(Dataset)
lemma rayleigh_maximizer_is_eigenvector:
  assumes sym: "symmetric_op Q A" and W: "subspace W" and invariant: "\<And>x. x \<in> W \<Longrightarrow> A *v x \<in> W"
    and "x \<in> W" and at_x: "Q (A *v x) x = l * Q x x"
    and max: "\<And>z. z \<in> W \<Longrightarrow> Q (A *v z) z \<le> l * Q z z"
  shows "A *v x = l *\<^sub>R x"
proof -
  define d where "d = A *v x - l *\<^sub>R x"
  have first_variation: "2 * Q d y = 0" if "y \<in> W" for y
  proof (rule linear_term_eq_0_if_nonpos)
    fix t
    have "x + t *\<^sub>R y \<in> W" using \<open>x \<in> W\<close> that W by (simp add: subspace_add subspace_scale)
    from max[OF this] have "Q (A *v (x + t *\<^sub>R y)) (x + t *\<^sub>R y) - l * Q (x + t *\<^sub>R y) (x + t *\<^sub>R y) \<le> 0"
      by simp
    moreover have "Q (A *v y) x = Q (A *v x) y" "Q y x = Q x y"
      using sym commute unfolding symmetric_op_def by metis+
    ultimately show "(2 * Q d y) * t + (Q (A *v y) y - l * Q y y) * t\<^sup>2 \<le> 0"
      using at_x by (simp add: d_def matrix_vector_right_distrib matrix_vector_mult_scaleR
          algebra_simps power2_eq_square)
  qed
  have "d \<in> W"
    using \<open>x \<in> W\<close> invariant W by (simp add: d_def subspace_diff subspace_scale)
  from first_variation[OF this] have "d = 0" by simp
  then show ?thesis by (simp add: d_def)
qed

lemma invariant_subspace_has_eigenvector:
  assumes "symmetric_op Q A" and W: "subspace W" and "\<And>x. x \<in> W \<Longrightarrow> A *v x \<in> W"
    and "W \<noteq> {0}"
  obtains x where "x \<in> W" "Q x x = 1" "A *v x = Q (A *v x) x *\<^sub>R x"
proof -
  obtain x where "x \<in> W" "Q x x = 1" "\<And>z. z \<in> W \<Longrightarrow> Q (A *v z) z \<le> Q (A *v x) x * Q z z"
    using rayleigh_maximum_exists[OF W \<open>W \<noteq> {0}\<close>] by blast
  with rayleigh_maximizer_is_eigenvector[OF assms(1-3)] that show thesis by simp
qed

lemma subspace_Q_orthogonal: "subspace {x. \<forall>v\<in>S. Q v x = 0}"
  unfolding subspace_def by auto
(End Dataset)
Your answer should be the lines above from the one containing "add: subspace_add subspace_scale)" through the one containing "using at_x by", copied exactly and with both ends kept.

    have "x + t *\<^sub>R y \<in> W" using \<open>x \<in> W\<close> that W by (simp add: subspace_add subspace_scale)
    from max[OF this] have "Q (A *v (x + t *\<^sub>R y)) (x + t *\<^sub>R y) - l * Q (x + t *\<^sub>R y) (x + t *\<^sub>R y) \<le> 0"
      by simp
    moreover have "Q (A *v y) x = Q (A *v x) y" "Q y x = Q x y"
      using sym commute unfolding symmetric_op_def by metis+
    ultimately show "(2 * Q d y) * t + (Q (A *v y) y - l * Q y y) * t\<^sup>2 \<le> 0"
      using at_x by (simp add: d_def matrix_vector_right_distrib matrix_vector_mult_scaleR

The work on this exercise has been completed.